Western blotTotal cellular protein extracts from primary dermal fibroblasts were obtained using RIPA buffer supplemented with 1X Protease Inhibitor Cocktail (Roche). Nuclear, Mito/ER/Golgi, and Cytoplasmic fractions were prepared using the Cell Fractionation Kit Standard (Abcam, ab109719) following the manufacturer's instructions. Protein concentrations were measured using the Pierce™ BCA Protein Assay Kit (Thermo Fisher Scientific). Samples were reduced in Laemmli loading buffer containing dithiothreitol, and denatured at 95°C for 5 min. Equal amounts of protein were loaded on precast 10% Tris/Glycine/SDS polyacrylamide gradient gels (Bio-Rad), followed by transferring on PVDF membranes (Bio-Rad) using the Trans-Blot® Turbo™ Transfer System (Bio-Rad). Membranes were blocked in 5% milk in TBST for 1 h at room temperature, and subsequently probed with the following primary antibodies diluted in 5% milk in TBST overnight at 4°C: mouse anti-GAPDH (1:1,000; Santa-Cruz, sc-47724), rabbit anti-TAPT1 (1:1,000; Sigma, HPA042567, reacted with TAPT1 sequence covering exon 13–14), rabbit anti-TAPT1 (1:1,000; Sigma, HPA048658, reacted with TAPT1 sequence covering exon 6–8), mouse anti-BIP (1:1,000; BD Biosciences, 610978), rabbit anti-TGN-46 (1:1,000; Abcam, ab50595), rabbit anti-AK2 (1:1,000; Proteintech, 11014-1-AP) and mouse anti-Lamin A/C (1:1,000; EMD Millipore, MAB3211).

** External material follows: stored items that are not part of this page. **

(* Let $k\ge2$ and $m\ge1$ be integers and consider any realization of the random $k$-tree $G(m)$. For an edge $e$ of $G(m)$ let $N(e)$ be the number of $k$-cliques of $G(m)$ containing $e$. Let $F$ be the spanning forest of $G(m)$ defined as follows: for each $1\le t\le m$, if the vertex $x$ born in round $t$ was joined to the $k$-clique $C$, then in $F$ the vertex $x$ is joined to a vertex $u\in V(C)$ with $N(xu)=\max_{v\in V(C)}N(xv)$ (ties broken arbitrarily). If $xy\in E(F)$, $x$ is born later than $y$, and the degree of $x$ in $G(m)$ is greater than $2k-2$, then $N(xy)\ge (k^2-k)/2$.
   Context: Random $k$-tree process: $G(0)$ is a clique on $k$ vertices (born in round $0$); for $t\ge1$, $G(t)$ is obtained from $G(t-1)$ by choosing a $k$-clique of $G(t-1)$ uniformly at random, creating a new vertex (born in round $t$), and joining it to all vertices of the chosen clique. *)

theory Defs
  imports Complex_Main
begin

text \<open>The initial clique has vertices 0..k-1 (born in round 0);
the vertex born in round t (t \<ge> 1) is k + t - 1. C t is the k-clique chosen in round t.\<close>

fun ktree_edges :: "nat \<Rightarrow> (nat \<Rightarrow> nat set) \<Rightarrow> nat \<Rightarrow> nat set set" where
  "ktree_edges k C 0 = {{a, b} | a b. a < k \<and> b < k \<and> a \<noteq> b}"
| "ktree_edges k C (Suc t) = ktree_edges k C t \<union> {{k + t, v} | v. v \<in> C (Suc t)}"

definition ktree_vertices :: "nat \<Rightarrow> nat \<Rightarrow> nat set" where
  "ktree_vertices k t = {..<k + t}"

definition is_kclique :: "nat \<Rightarrow> nat set \<Rightarrow> nat set set \<Rightarrow> nat set \<Rightarrow> bool" where
  "is_kclique k V E S \<longleftrightarrow> S \<subseteq> V \<and> card S = k \<and> (\<forall>a\<in>S. \<forall>b\<in>S. a \<noteq> b \<longrightarrow> {a, b} \<in> E)"
lemma vec_inner_projector_column:
  assumes "op_hermitian X P" "op_eq X (op_mul X P P) P" "c \<in> X"
  shows "vec_inner X (column P c) (column P c) = P c c"
proof -
  have "vec_inner X (column P c) (column P c) = (\<Sum>a\<in>X. P c a * P a c)"
    unfolding vec_inner_def column_def
    using assms(1,3) unfolding op_hermitian_def op_eq_def op_adj_def by (intro sum.cong) auto
  also have "\<dots> = P c c" using assms(2,3) unfolding op_eq_def op_mul_def by auto
  finally show ?thesis .
qed

lemma gadget_expectation:
  fixes X :: "conf set" and U P P' H' Hext M :: op and v :: "conf \<Rightarrow> complex" and \<epsilon> :: real
  defines "P' \<equiv> op_mul X (op_mul X U P) (op_adj U)"
    and "M \<equiv> op_diff (op_mul X (op_mul X P' H') P') (op_mul X (op_mul X U (op_mul X Hext P)) (op_adj U))"
  assumes X: "finite X" and U: "op_unitary X U" and P: "op_hermitian X P"
    and gap: "op_norm X M \<le> \<epsilon>"
    and Pv: "\<forall>a\<in>X. op_apply X P v a = v a"
  shows "cmod (vec_inner X (op_apply X U v) (op_apply X H' (op_apply X U v))
               - vec_inner X v (op_apply X Hext v)) \<le> \<epsilon> * (vec_norm X v)\<^sup>2"
proof -
  define x where "x = op_apply X U v"
  have adj_x: "op_apply X (op_adj U) x a = v a" if "a \<in> X" for a
    unfolding x_def using unitary_adj_apply[OF X U that] .
  have P_adj_x: "op_apply X P (op_apply X (op_adj U) x) = op_apply X P v"
    using adj_x by (rule op_apply_cong)
  have P_v: "op_apply X B (op_apply X P v) = op_apply X B v" for B
    using Pv by (intro op_apply_cong) simp
  have apply_P': "op_apply X P' w = op_apply X U (op_apply X P (op_apply X (op_adj U) w))" for w
    unfolding P'_def by (simp add: op_apply_op_mul)
  have P'_x: "op_apply X P' x = x"
    unfolding apply_P' P_adj_x P_v x_def[symmetric] ..
  have "op_apply X (op_adj P) (op_apply X (op_adj U) x) a = v a" if "a \<in> X" for a
    using op_apply_op_eq[OF P[unfolded op_hermitian_def] that] P_adj_x Pv that by simp
  then have "op_apply X U (op_apply X (op_adj P) (op_apply X (op_adj U) x)) = x"
    unfolding x_def by (rule op_apply_cong)
  then have P'_left: "vec_inner X x (op_apply X P' w) = vec_inner X x w" for w
    unfolding apply_P' vec_inner_op_apply op_adj_op_adj by simp
  have compressed: "vec_inner X x (op_apply X (op_mul X (op_mul X P' H') P') x) = vec_inner X x (op_apply X H' x)"
    by (simp add: op_apply_op_mul P'_x P'_left)
  have conjugated: "vec_inner X x (op_apply X (op_mul X (op_mul X U (op_mul X Hext P)) (op_adj U)) x)
                  = vec_inner X v (op_apply X Hext v)"
    unfolding op_apply_op_mul vec_inner_op_apply[of X x U] P_adj_x P_v
    using adj_x by (intro vec_inner_cong) auto
  have "vec_inner X x (op_apply X M x) = vec_inner X x (op_apply X H' x) - vec_inner X v (op_apply X Hext v)"
    unfolding M_def op_apply_op_diff vec_inner_diff_right compressed conjugated ..
  then have "cmod (vec_inner X x (op_apply X H' x) - vec_inner X v (op_apply X Hext v))
      \<le> op_norm X M * (vec_norm X x)\<^sup>2"
    using cmod_expectation_le[OF X, of x M] by simp
  also have "\<dots> \<le> \<epsilon> * (vec_norm X v)\<^sup>2"
    unfolding x_def unitary_vec_norm[OF X U] by (intro mult_right_mono gap) simp
  finally show ?thesis unfolding x_def .
qed

section \<open>Local operators and the Z-parity\<close>

definition flip :: "nat \<Rightarrow> conf \<Rightarrow> conf" where
  "flip i c = c(i := 1 - c i)"

lemma flip_in_confs: "i < n \<Longrightarrow> d i = 2 \<Longrightarrow> c \<in> confs n d \<Longrightarrow> flip i c \<in> confs n d"
  unfolding confs_def flip_def by auto

lemma flip_flip: "i < n \<Longrightarrow> d i = 2 \<Longrightarrow> c \<in> confs n d \<Longrightarrow> flip i (flip i c) = c"
  unfolding confs_def flip_def by auto

lemma flip_neq: "flip i c \<noteq> c"
proof
  assume "flip i c = c"
  then have "1 - c i = c i" unfolding flip_def by (metis fun_upd_same)
  then show False by arith
qed

lemma acts_within_flip:
  assumes "acts_within n d S A" "i < n" "i \<notin> S" "d i = 2" "a \<in> confs n d" "b \<in> confs n d"
  shows "A (flip i a) (flip i b) = A a b"
proof -
  obtain f where f: "\<forall>c\<in>confs n d. \<forall>c'\<in>confs n d.
        A c c' = (if (\<forall>i\<in>{..<n} - S. c i = c' i)
                  then f (\<lambda>i. if i \<in> S then c i else 0) (\<lambda>i. if i \<in> S then c' i else 0)
                  else 0)" using assms(1) unfolding acts_within_def by blast
  have "(\<lambda>j. if j \<in> S then flip i c j else 0) = (\<lambda>j. if j \<in> S then c j else 0)" for c
    using assms(3) unfolding flip_def by auto
  moreover have "a i < 2" "b i < 2" using assms(2,4,5,6) unfolding confs_def by auto
  then have "flip i a j = flip i b j \<longleftrightarrow> a j = b j" for j
    unfolding flip_def by auto
  ultimately show ?thesis
    using f assms(5,6) flip_in_confs[of i n d] assms(2,4) by simp
qed

lemma acts_within_off_support:
  "acts_within n d S A \<Longrightarrow> a \<in> confs n d \<Longrightarrow> b \<in> confs n d \<Longrightarrow> A a b \<noteq> 0 \<Longrightarrow> j < n \<Longrightarrow> j \<notin> S
   \<Longrightarrow> a j = b j"
  unfolding acts_within_def by (metis (no_types, lifting) Diff_iff lessThan_iff)

lemma acts_within_diag_eq:
  assumes "acts_within n d S A" "a \<in> confs n d" "b \<in> confs n d" "\<forall>j\<in>S. a j = b j"
  shows "A a a = A b b"
proof -
  have "(\<lambda>i. if i \<in> S then a i else 0) = (\<lambda>i. if i \<in> S then b i else 0)"
    using assms(4) by auto
  then show ?thesis using assms(1-3) unfolding acts_within_def by force
qed

lemma acts_within_empty:
  assumes "acts_within n d {} A"
  obtains l where "\<forall>a\<in>confs n d. \<forall>b\<in>confs n d. A a b = (if a = b then l else 0)"
proof -
  obtain f where f: "\<forall>c\<in>confs n d. \<forall>c'\<in>confs n d.
        A c c' = (if (\<forall>i\<in>{..<n} - {}. c i = c' i)
                  then f (\<lambda>i. if i \<in> {} then c i else 0) (\<lambda>i. if i \<in> {} then c' i else 0)
                  else 0)" using assms unfolding acts_within_def by blast
  have "\<forall>a\<in>confs n d. \<forall>b\<in>confs n d. (\<forall>i\<in>{..<n} - {}. a i = b i) \<longleftrightarrow> a = b"
    unfolding confs_def by (auto intro!: ext) (metis lessThan_iff not_le)
  then show ?thesis using f by (intro that[of "f (\<lambda>i. 0) (\<lambda>i. 0)"]) auto
qed

lemma zero_local_hamiltonian_scalar:
  assumes "k_local_hamiltonian n d 0 H"
  obtains l where "\<forall>a\<in>confs n d. \<forall>b\<in>confs n d. H a b = (if a = b then l else 0)"
proof -
  obtain m :: nat and h :: "nat \<Rightarrow> op" and S :: "nat \<Rightarrow> nat set"
    where terms: "\<forall>j<m. S j \<subseteq> {..<n} \<and> card (S j) = 0 \<and> acts_within n d (S j) (h j)"
    and H: "op_eq (confs n d) H (\<lambda>c c'. \<Sum>j<m. h j c c')"
    using assms unfolding k_local_hamiltonian_def by auto
  have "\<forall>j\<in>{..<m}. \<exists>l. \<forall>a\<in>confs n d. \<forall>b\<in>confs n d. h j a b = (if a = b then l else 0)"
  proof
    fix j assume "j \<in> {..<m}"
    then have "finite (S j)" "card (S j) = 0" "acts_within n d (S j) (h j)"
      using terms finite_subset[of "S j" "{..<n}"] by auto
    then have "acts_within n d {} (h j)" by simp
    then obtain l where "\<forall>a\<in>confs n d. \<forall>b\<in>confs n d. h j a b = (if a = b then l else 0)"
      by (rule acts_within_empty)
    then show "\<exists>l. \<forall>a\<in>confs n d. \<forall>b\<in>confs n d. h j a b = (if a = b then l else 0)" ..
  qed
  then obtain L where L: "\<forall>j\<in>{..<m}. \<forall>a\<in>confs n d. \<forall>b\<in>confs n d. h j a b = (if a = b then L j else 0)"
    by metis
  show ?thesis
    using H L by (intro that[of "\<Sum>j<m. L j"]) (simp add: op_eq_def if_distrib sum.If_cases)
qed

lemma zero_local_expectation_eq:
  assumes "k_local_hamiltonian n d 0 H" "vec_norm (confs n d) x = vec_norm (confs n d) v"
  shows "vec_inner (confs n d) x (op_apply (confs n d) H x) = vec_inner (confs n d) v (op_apply (confs n d) H v)"
proof -
  obtain l where l: "\<forall>a\<in>confs n d. \<forall>b\<in>confs n d. H a b = (if a = b then l else 0)"
    using assms(1) by (rule zero_local_hamiltonian_scalar)
  have "vec_inner (confs n d) w (op_apply (confs n d) H w) = vec_inner (confs n d) w (\<lambda>a. l * w a)" for w
    using op_apply_diagonal[of "confs n d" _ H "\<lambda>_. l"] finite_confs l by (intro vec_inner_cong) auto
  then show ?thesis using assms(2) by (simp add: vec_inner_scale_right vec_inner_self)
qed

definition z_parity :: "nat \<Rightarrow> conf \<Rightarrow> real" where
  "z_parity k c = (\<Prod>i<k. if c i = 0 then 1 else -1)"

lemma ZZ_ham_eq: "ZZ_ham k J = (\<lambda>c c'. if c = c' then of_real (J * z_parity k c) else 0)"
  unfolding ZZ_ham_def z_parity_def ..

lemma abs_z_parity: "\<bar>z_parity k c\<bar> = 1"
proof -
  have "\<bar>if c i = 0 then 1 else -1 :: real\<bar> = 1" for i by simp
  then show ?thesis unfolding z_parity_def abs_prod by simp
qed

lemma z_parity_flip:
  assumes "i < k" "c i < 2"
  shows "z_parity k (flip i c) = - z_parity k c"
proof -
  have split: "z_parity k a = (if a i = 0 then 1 else -1) * (\<Prod>j\<in>{..<k}-{i}. if a j = 0 then 1 else -1)" for a
    unfolding z_parity_def using assms(1) by (subst prod.remove[of _ i]) auto
  have "(\<Prod>j\<in>{..<k}-{i}. if flip i c j = 0 then 1 else -1) = (\<Prod>j\<in>{..<k}-{i}. if c j = 0 then 1 else (-1::real))"
    unfolding flip_def by (intro prod.cong) auto
  moreover have "flip i c i = 0 \<longleftrightarrow> c i \<noteq> 0" using assms(2) unfolding flip_def by auto
  ultimately show ?thesis unfolding split[of c] split[of "flip i c"] by auto
qed

section \<open>Cancellation of the local terms\<close>

lemma ZZ_expectation_column:
  assumes "k \<le> n" "acts_within n d {k..<n} P" "c \<in> confs n d"
  shows "vec_inner (confs n d) (column P c) (op_apply (confs n d) (ZZ_ham k J) (column P c))
         = of_real (J * z_parity k c) * vec_inner (confs n d) (column P c) (column P c)"
proof -
  let ?X = "confs n d"
  have "z_parity k a = z_parity k c" if "a \<in> ?X" "P a c \<noteq> 0" for a
  proof -
    have "a i = c i" if "i < k" for i
      using acts_within_off_support[of n d "{k..<n}" P a c i] assms that \<open>a \<in> ?X\<close> \<open>P a c \<noteq> 0\<close>
      by simp
    then show ?thesis unfolding z_parity_def by (intro prod.cong) auto
  qed
  then have pointwise: "cnj (column P c a) * op_apply ?X (ZZ_ham k J) (column P c) a
           = of_real (J * z_parity k c) * (cnj (column P c a) * column P c a)" if "a \<in> ?X" for a
    using op_apply_diagonal[of ?X a "ZZ_ham k J" "\<lambda>a. of_real (J * z_parity k a)"] finite_confs that
    by (cases "P a c = 0") (auto simp: ZZ_ham_eq column_def)
  then show ?thesis
    unfolding vec_inner_def sum_distrib_left by (rule sum.cong[OF refl]) (simp only: pointwise)
qed
(* Let $N$ be the Iwasawa N-group of a real simple Lie group of real rank one, i.e. $N$ is one of: the abelian Lie group $\mathbb{R}^n$, a $(2n+1)$-dimensional Heisenberg group, a $(4n+3)$-dimensional quaternionic Heisenberg group, or the $15$-dimensional octonionic Heisenberg group. Then $N$ satisfies the partial automatic continuity. More precisely, for every abstract (not necessarily continuous) group automorphism $F$ of $N$ there exist a central automorphism $\mu$ of $N$ and a Lie group automorphism $\overline{F}$ of $N$ such that $F=\mu\circ\overline{F}$.
   Context: For a real simple Lie group $G$ with Iwasawa decomposition $G=KAN$, the simply connected nilpotent group $N$ is its Iwasawa N-group. A central automorphism of $N$ is an abstract group automorphism $F$ with $x^{-1}F(x)$ in the center of $N$ for all $x\in N$; a Lie group automorphism is a continuous (hence smooth) group automorphism. Field automorphisms of a simply connected nilpotent Lie group $N$ with Lie algebra $\mathcal{N}$: if $\mathcal{N}=\mathcal{N}_1\oplus\cdots\oplus\mathcal{N}_k$ is a direct sum of ideals, for each $\mathcal{N}_i$ that is the realification of a complex Lie algebra choose a $\mathbb{C}$-basis $e_1,\dots,e_m$ and a field automorphism $\varphi$ of $\mathbb{C}$ fixing the structure constants and let $\sigma_i(\sum x_le_l)=\sum\varphi(x_l)e_l$, otherwise $\sigma_i=\mathrm{id}$; then $\exp\circ(\sigma_1\times\cdots\times\sigma_k)\circ\exp^{-1}$ is a field automorphism. $N$ satisfies the partial automatic continuity if every abstract group automorphism has the form $\mu\circ\overline{F}\circ\Phi$ with $\mu$ central, $\overline{F}$ a Lie group automorphism, $\Phi$ a field automorphism. *)

theory Defs
  imports "HOL-Analysis.Analysis" "HOL-Algebra.Group"
begin

definition group_center :: "('a, 'b) monoid_scheme \<Rightarrow> 'a set" where
  "group_center G = {z \<in> carrier G. \<forall>x\<in>carrier G. z \<otimes>\<^bsub>G\<^esub> x = x \<otimes>\<^bsub>G\<^esub> z}"

definition central_aut :: "('a, 'b) monoid_scheme \<Rightarrow> ('a \<Rightarrow> 'a) \<Rightarrow> bool" where
  "central_aut G F \<longleftrightarrow> F \<in> iso G G \<and>
     (\<forall>x\<in>carrier G. inv\<^bsub>G\<^esub> x \<otimes>\<^bsub>G\<^esub> F x \<in> group_center G)"

definition lie_aut :: "('a::topological_space, 'b) monoid_scheme \<Rightarrow> ('a \<Rightarrow> 'a) \<Rightarrow> bool" where
  "lie_aut G F \<longleftrightarrow> F \<in> iso G G \<and> continuous_on (carrier G) F"

definition aut_central_lie_decomp :: "('a::topological_space, 'b) monoid_scheme \<Rightarrow> bool" where
  "aut_central_lie_decomp G \<longleftrightarrow>
     (\<forall>F\<in>iso G G. \<exists>\<mu> Fb. central_aut G \<mu> \<and> lie_aut G Fb \<and>
        (\<forall>x\<in>carrier G. F x = \<mu> (Fb x)))"

definition vec_group :: "(real^'n) monoid" where
  "vec_group = \<lparr>carrier = UNIV, mult = (+), one = 0\<rparr>"

text \<open>Two-step nilpotent group on V x Z in exponential coordinates, given the bracket
  \<omega> : V x V \<rightarrow> Z (skew, bilinear): (v,z)(v',z') = (v+v', z+z'+ 1/2 \<omega>(v,v')).\<close>
definition two_step_group ::
  "('v::real_vector \<Rightarrow> 'v \<Rightarrow> 'z::real_vector) \<Rightarrow> ('v \<times> 'z) monoid" where
  "two_step_group \<omega> = \<lparr>carrier = UNIV,
     mult = (\<lambda>(v, z) (v', z'). (v + v', z + z' + (1/2) *\<^sub>R \<omega> v v')),
     one = (0, 0)\<rparr>"

definition heis_form :: "((real^'n) \<times> (real^'n)) \<Rightarrow> ((real^'n) \<times> (real^'n)) \<Rightarrow> real" where
  "heis_form = (\<lambda>(x, y) (x', y'). x \<bullet> y' - y \<bullet> x')"

definition heisenberg_group :: "(((real^'n) \<times> (real^'n)) \<times> real) monoid" where
  "heisenberg_group = two_step_group heis_form"

text \<open>Quaternions as real^4 (components 1,2,3,4 = 1,i,j,k).\<close>
definition qmult :: "real^4 \<Rightarrow> real^4 \<Rightarrow> real^4" where
  "qmult p q = (\<chi> l.
     if l = 1 then p$1*q$1 - p$2*q$2 - p$3*q$3 - p$4*q$4
     else if l = 2 then p$1*q$2 + p$2*q$1 + p$3*q$4 - p$4*q$3
     else if l = 3 then p$1*q$3 - p$2*q$4 + p$3*q$1 + p$4*q$2
     else p$1*q$4 + p$2*q$3 - p$3*q$2 + p$4*q$1)"

definition qconj :: "real^4 \<Rightarrow> real^4" where
  "qconj p = (\<chi> l. if l = 1 then p$1 else - p$l)"

text \<open>Imaginary part of a quaternion, as an element of real^3 ~ Im H.\<close>
definition qim :: "real^4 \<Rightarrow> real^3" where
  "qim p = (\<chi> l. if l = 1 then p$2 else if l = 2 then p$3 else p$4)"

text \<open>Quaternionic Heisenberg group of dimension 4n+3: V = H^n, Z = Im H,
  bracket Im(sum_i conj(v_i) v'_i).\<close>
definition qheis_form :: "real^4^'n \<Rightarrow> real^4^'n \<Rightarrow> real^3" where
  "qheis_form v w = qim (\<Sum>i\<in>UNIV. qmult (qconj (v$i)) (w$i))"
lemma feas_transfer:
  assumes w: "w \<in> feas p c m"
    and m': "\<And>i. i < p \<Longrightarrow> \<bar>m' i - m i\<bar> \<le> \<eta>"
    and j: "j < p" "m' j \<noteq> 0" "1 / \<bar>m' j\<bar> \<le> c - \<gamma>"
    and \<gamma>: "\<gamma> > 0" "c\<^sup>2 * \<eta> \<le> \<gamma>" and \<eta>: "c * \<eta> \<le> 1" "\<eta> \<ge> 0"
    and S: "\<And>i k. i < p \<Longrightarrow> k < p \<Longrightarrow> \<bar>A i k\<bar> \<le> S"
    and "quadf p A w \<ge> 0"
  obtains v where "v \<in> feas p c m'"
    and "quadf p A v \<le> quadf p A w + 4 * (c\<^sup>2 * \<eta> / \<gamma> + c * \<eta>) * c\<^sup>2 * S"
proof -
  have wz: "\<And>i. i \<ge> p \<Longrightarrow> w i = 0" and wl: "vl1 p w \<le> c" and wm: "dotp p w m = 1"
    using w by (auto simp: feas_def)
  have "0 < 1 / \<bar>m' j\<bar>" using j(2) by simp
  then have c: "c > 0" "c - \<gamma> > 0" using j(3) \<gamma>(1) by linarith+
  define \<alpha> where "\<alpha> = dotp p w m'"
  have \<alpha>: "\<bar>\<alpha> - 1\<bar> \<le> c * \<eta>"
    using abs_dotp_perturb_le[OF wm wl _ \<eta>(2), of "\<lambda>i. m' i - m i"] m' by (simp add: \<alpha>_def)
  \<comment> \<open>Shrink \<open>w\<close> by the factor \<open>t\<close> to free \<open>\<ell>\<^sub>1\<close>-budget, then restore the constraint along coordinate \<open>j\<close>.\<close>
  define \<delta> where "\<delta> = c\<^sup>2 * \<eta> / \<gamma>"
  define t where "t = 1 - \<delta>"
  define r where "r = 1 - t * \<alpha>"
  define e where "e = (\<lambda>i. if i = j then 1 / m' j else 0)"
  define v where "v = (\<lambda>i. t * w i + r * e i)"
  have \<delta>: "0 \<le> \<delta>" "\<delta> \<le> 1" using \<gamma> \<eta>(2) by (auto simp: \<delta>_def)
  have t: "0 \<le> t" "t \<le> 1" using \<delta> by (auto simp: t_def)
  have "r = \<delta> + t * (1 - \<alpha>)" by (simp add: r_def t_def algebra_simps)
  then have "\<bar>r\<bar> \<le> \<delta> + t * \<bar>\<alpha> - 1\<bar>"
    using \<delta> t by (simp add: abs_mult abs_minus_commute abs_triangle_ineq[THEN order_trans])
  also have "\<dots> \<le> \<delta> + c * \<eta>"
    using mult_mono[OF t(2) \<alpha>] t(1) by simp
  finally have r: "\<bar>r\<bar> \<le> \<delta> + c * \<eta>" .
  have el: "vl1 p e = 1 / \<bar>m' j\<bar>" and em: "dotp p e m' = 1"
    using vl1_scaled_unit[OF j(1)] dotp_scaled_unit[of j p m', OF j(1,2)] by (simp_all add: e_def)
  have "\<bar>t\<bar> * vl1 p w \<le> t * c" using t wl by (simp add: mult_left_mono)
  moreover have "\<bar>r\<bar> * vl1 p e \<le> (\<delta> + c * \<eta>) * (c - \<gamma>)"
    using r el j(3) by (intro mult_mono) (auto simp: vl1_nonneg)
  ultimately have "vl1 p v \<le> t * c + (\<delta> + c * \<eta>) * (c - \<gamma>)"
    using vl1_lincomb_le[of p t w r e] unfolding v_def by linarith
  also have "\<dots> = c - c * \<eta> * \<gamma>"
    using \<gamma>(1) by (simp add: t_def \<delta>_def field_simps power2_eq_square)
  also have "\<dots> \<le> c" using c \<eta>(2) \<gamma>(1) by simp
  finally have "vl1 p v \<le> c" .
  moreover have "dotp p v m' = 1"
    unfolding v_def dotp_lincomb em \<alpha>_def[symmetric] r_def by simp
  moreover have "\<forall>i\<ge>p. v i = 0"
    using wz j(1) by (auto simp: v_def e_def)
  ultimately have "v \<in> feas p c m'" by (simp add: feas_def)
  moreover have "quadf p A v \<le> quadf p A w + 4 * \<bar>r\<bar> * c\<^sup>2 * S"
    unfolding v_def
  proof (rule quadf_lincomb_le[OF S _ t _ wl \<open>quadf p A w \<ge> 0\<close>])
    show "0 \<le> S" using S[OF j(1) j(1)] by linarith
    show "\<bar>r\<bar> \<le> 2" using r \<delta> \<eta>(1) by linarith
    show "vl1 p e \<le> c" using el j(3) \<gamma>(1) by linarith
  qed
  moreover have "4 * \<bar>r\<bar> * c\<^sup>2 * S \<le> 4 * (\<delta> + c * \<eta>) * c\<^sup>2 * S"
    using r S[OF j(1) j(1)] by (intro mult_right_mono) auto
  ultimately show ?thesis using that by (auto simp: \<delta>_def)
qed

After washes in TBST, secondary anti-mouse/HRP or anti-rabbit/HRP antibodies were used at 1:4,000 dilution in 5% milk in TBST for 1 h at room temperature. The signal was revealed with the SuperSignal™ West Chemiluminescent Substrate System (Thermo Fisher Scientific, #34080/34076/34096) and developed using CL-Xposure™ Films (Thermo Fisher Scientific) in a Carestream Kodak developer.
Immunofluorescence analysisPrimary dermal fibroblasts were cultured on 8-well glass chamber slides (Millicell EZ SLIDES) and fixed for 15 min in 4% paraformaldehyde in PBS at room temperature. The cells were permeabilized with 0.3% Triton-X100 in PBS for 15 min, and blocked in 1% BSA in PBS for 1 h at room temperature. Samples were then incubated with the following primary antibodies diluted in 1% BSA in PBS overnight at 4°C: rabbit anti-TAPT1 (1:1,000; Sigma, HPA042567), rabbit anti-TAPT1 (1:1,000; Sigma, HPA048658), rabbit anti-TOM20 (1:1,000; Proteintech, 11802-1-AP), rabbit anti-Calnexin (1:2,000; Abcam, ab22595) and mouse anti-GLG1 (1:500; Abcam, ab103439). For visualization, 1:500 secondary antibodies conjugated to Alexa Fluor 568 or Alexa Fluor 488 (Invitrogen, Molecular Probes) were incubated for 1 h at room temperature in the dark. 1 μg/ml DAPI (Life Technologies) was used for DNA staining, and cells were mounted using ProLong™ Diamond Antifade Mountant (Invitrogen). Images were captured using a FV1000 Olympus inverted confocal microscope equipped with a Leica camera.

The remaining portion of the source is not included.